In fact, TFT should really divulge the real effects - as measured on the ground - of the implementation of deforestation-free supply chains by all its members, not only Wilmar. By doing this, TFT would not merely be able to hide behind its so-called ‘change journey’ while the supply chains of its members remain inextricably linked to deforestation and peat destruction.

If this situation persists, the business transformation model TFT attempts to apply to its members will be seen as increasingly irresponsible and lose trust due to its contradictions.

On the one hand, TFT espouses a policy of 'no deforestation, no new peat development' for palm oil supply chains, yet what happens in the field is actually more deforestation and more new peat development.

The following photos portray a recent example of how Wilmar, one of TFT's key members, has failed to clean up its supply chains from the destruction of peatlands which play host to the critically-endangered Bornean orangutan in the GAMA palm oil concession. The Indonesian Environment and Forestry Ministry is currently taking law enforcement measures in this case against these peat violations.



Transparency with lack of monitoring

Improved supply chain transparency, especially from TFT members, would certainly be appreciated. However, such progress needs to be backed up by a robust monitoring system, something neither TFT itself nor its individual corporate members possess.

As a result, TFT members are unable to escape from the smear of deforestation and peat destruction that continues to stick to their supply chains. Indeed, numerous reports from various NGOs indicate that TFT's members are still seriously linked with deforestation and peat destruction.

If any attempts at improved transparency fail to have a real positive impact by making the supply chains of TFT members truly deforestation-free, and the current facts on the ground linking these supply chains to deforestation and peat destruction persist, then any further TFT arguments and opinions would be hard to take seriously.

TFT's ability to bring about true transformation is in doubt, as exemplified by the ongoing clearing of Papua's HCS forests and vanishing Bornean orangutan habitat, both of which are directly related to Wilmar's supply chains. There are important questions to be asked as to why no announcement from TFT suspending Wilmar's membership has ever been forthcoming.

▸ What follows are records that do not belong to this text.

(* Let $0\le b\le1$, $M>0$ and $0\le\alpha<1$, and let $r_0=r_0(\alpha)$ be the real root in $(0,1)$ of the equation \[2M\left(1+\frac{\alpha(1-r)\log(1-r)}{r}\right)=\big(2(1+M)(1-\alpha)+(2-\alpha)(M-4b)r\big)(1-r).\] Let $\mathcal{F}$ be the class of functions $f\in\mathcal{A}_b$, $f(z)=z+\sum_{n\ge2}a_nz^n$, with $|a_n|\le M/n$ for all $n\ge3$. Then: (i) every $f\in\mathcal{F}$ satisfies $\left|\frac{zf'(z)}{f(z)}-1\right|\le1-\alpha$ for $|z|\le r_0$; (ii) $r_0(\alpha)$ is the radius of starlikeness of order $\alpha$ of $\mathcal{F}$; (iii) $r_0(1/2)$ is the radius of parabolic starlikeness of $\mathcal{F}$. All results are sharp, with extremal function $f_0(z)=(1+M)z+(M/2-2b)z^2+M\log(1-z)=z-2bz^2-M\sum_{n\ge3}z^n/n$.
   Context: $\mathbb{D}=\{z\in\mathbb{C}:|z|<1\}$; $\log(1-z)$ denotes the principal branch on $\mathbb{D}$, i.e. the branch vanishing at $z=0$. For $0\le b\le1$, $\mathcal{A}_b$ is the class of analytic functions $f$ on $\mathbb{D}$ of the form $f(z)=z+a_2z^2+a_3z^3+\cdots$ with $|a_2|=2b$. For a class $\mathcal{F}$ of analytic functions on $\mathbb{D}$ normalized by $f(0)=0$, $f'(0)=1$, and $0\le\alpha<1$, the radius of starlikeness of order $\alpha$ of $\mathcal{F}$ is the supremum of $r\in(0,1]$ such that every $f\in\mathcal{F}$ satisfies $f(z)\ne0$ for $0<|z|<r$ and $\operatorname{Re}\big(zf'(z)/f(z)\big)>\alpha$ for $|z|<r$ (the quotient being $1$ at $z=0$). The radius of parabolic starlikeness of $\mathcal{F}$ is the supremum of $r\in(0,1]$ such that every $f\in\mathcal{F}$ satisfies $\operatorname{Re}\big(zf'(z)/f(z)\big)>\left|zf'(z)/f(z)-1\right|$ for $|z|<r$. *)

theory Defs
  imports "HOL-Analysis.Analysis"
begin
(* Assume $K_1\subseteq K_2\subseteq\cdots\subseteq K_n\subseteq\mathbb F_q$ are subfields, $d_i=|K_i|$. Let $f\in\mathbb F_q[X_1,\dots,X_n]$ have degree $d=\sum_{i=1}^k(d_i-1)+\ell$ with $0\le k<n$ and $0<\ell\le d_{k+1}-1$, and suppose no monomial occurring in $f$ is divisible by $X_i^{d_i}$ for any $i\in\{1,\dots,n\}$. If the Hamming weight of $\Psi(f)$ equals $(d_{k+1}-\ell)\prod_{i=k+2}^n d_i$, then there exist $j\in\{1,\dots,k+1\}$ with $d_j\ge d_{k+1}-\ell$ and distinct indices $t_1,\dots,t_{k+1}\in\{1,\dots,n\}$ with $K_{t_i}=K_i$ for all $i\in\{1,\dots,k+1\}$, such that the monomial $$X_{t_j}^{\,d_j-(d_{k+1}-\ell)}\prod_{\substack{i=1\\ i\ne j}}^{k+1}X_{t_i}^{\,d_i-1}$$ occurs in $f$ with nonzero coefficient.
   Context: $\mathcal X=K_1\times\cdots\times K_n=\{\boldsymbol\alpha_1,\dots,\boldsymbol\alpha_m\}$ (fixed enumeration), $m=\prod d_i$, and $\Psi:\mathbb F_q[X_1,\dots,X_n]\to\mathbb F_q^m$, $f\mapsto(f(\boldsymbol\alpha_1),\dots,f(\boldsymbol\alpha_m))$. Empty products equal $1$. *)

theory Defs
  imports Main "HOL-Library.Poly_Mapping" "HOL-Library.FuncSet"
begin

type_synonym 'a mpoly_rep = "(nat \<Rightarrow>\<^sub>0 nat) \<Rightarrow>\<^sub>0 'a"

definition is_subfield :: "'a::field set \<Rightarrow> bool" where
  "is_subfield K \<longleftrightarrow> 0 \<in> K \<and> 1 \<in> K \<and>
     (\<forall>x\<in>K. \<forall>y\<in>K. x + y \<in> K \<and> x * y \<in> K) \<and>
     (\<forall>x\<in>K. - x \<in> K) \<and> (\<forall>x\<in>K. x \<noteq> 0 \<longrightarrow> inverse x \<in> K)"

definition mono_deg :: "(nat \<Rightarrow>\<^sub>0 nat) \<Rightarrow> nat" where
  "mono_deg m = (\<Sum>v\<in>Poly_Mapping.keys m. Poly_Mapping.lookup m v)"

definition mpoly_tdeg :: "'a::zero mpoly_rep \<Rightarrow> nat" where
  "mpoly_tdeg f = Max (insert 0 (mono_deg ` Poly_Mapping.keys f))"

definition mpoly_eval :: "'a::comm_semiring_1 mpoly_rep \<Rightarrow> (nat \<Rightarrow> 'a) \<Rightarrow> 'a" where
  "mpoly_eval f \<alpha> = (\<Sum>m\<in>Poly_Mapping.keys f. Poly_Mapping.lookup f m * (\<Prod>v\<in>Poly_Mapping.keys m. \<alpha> v ^ Poly_Mapping.lookup m v))"

text \<open>Hamming weight of \<Psi>(f): number of points of K_1 x ... x K_n where f does not vanish.\<close>
definition hamming_weight_eval :: "nat \<Rightarrow> (nat \<Rightarrow> 'a::comm_semiring_1 set) \<Rightarrow> 'a mpoly_rep \<Rightarrow> nat" where
  "hamming_weight_eval n K f = card {\<alpha> \<in> Pi\<^sub>E {1..n} K. mpoly_eval f \<alpha> \<noteq> 0}"

end

(*
  Footprint bound: a nonzero polynomial whose exponents are reduced (e_i < d_i) has at least
  prod_i (d_i - e_i) nonzeros on K_1 x ... x K_n, where e is its leading exponent for the
  lexicographic order with X_n most significant. This follows by induction on n, since a
  univariate polynomial of degree e has at most e roots.

  Box volumes: if the side lengths x_i = d_i - e_i satisfy 1 <= x_i <= d_i and the deficit
  sum_i (d_i - x_i) = deg e is at most sum_{i<=k} (d_i - 1) + l, then prod_i x_i is at least
  (d_{k+1} - l) prod_{i>=k+2} d_i. Peeling off the first (smallest) side x_1 = y moves the
  problem to n - 1 coordinates with the budget shifted by y - 1, and the elementary inequality
  r e <= y (e - (y - r)) for r <= y <= e compares the two bounds. Following the equality
  cases through the induction shows that a box of minimal volume has exactly the shape of
  the monomial in the theorem. Since the weight of f equals this minimum, the leading
  monomial of f has that shape, and equal cardinalities in the chain of fields force
  K_{t_i} = K_i.
*)
theory Submission
  imports Defs "HOL-Computational_Algebra.Polynomial"
begin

Such questions not only pertain to Wilmar, but also to the supply chains of Nestle which remain tied to deforestation and peat destruction. TFT has also yet to address this, and such silence can only cause further distrust about the supply chain transformation it is supposedly facilitating.

The photos below depict another example of peat violations, in this case by two palm oil companies - whose operations have been halted by the Indonesian forestry authorities for peat violations - which are linked to the supply chains of TFT members, most notably Wilmar.



Importance of third-party monitoring

TFT also needs to recognize the significance of the role played by third-party monitoring in exposing deforestation and peat destruction practices carried out within the supply chains of its members.

Supply chain transformation by TFT members would in fact be unimaginable without such third-party monitoring, given TFT's lack of monitoring resources.

The facts confirm that third-party monitoring has contributed to putting pressure on TFT members to clean up their supply chains from deforestation and peat destruction.

Wrapping up its analysis, the foresthints.news team has come to the conclusion that if TFT continues to fail to ensure that the supply chains of its members are genuinely deforestation free, there would be no good reason whatsoever to trust in the supply chain transformation that TFT claims to be facilitating for its members.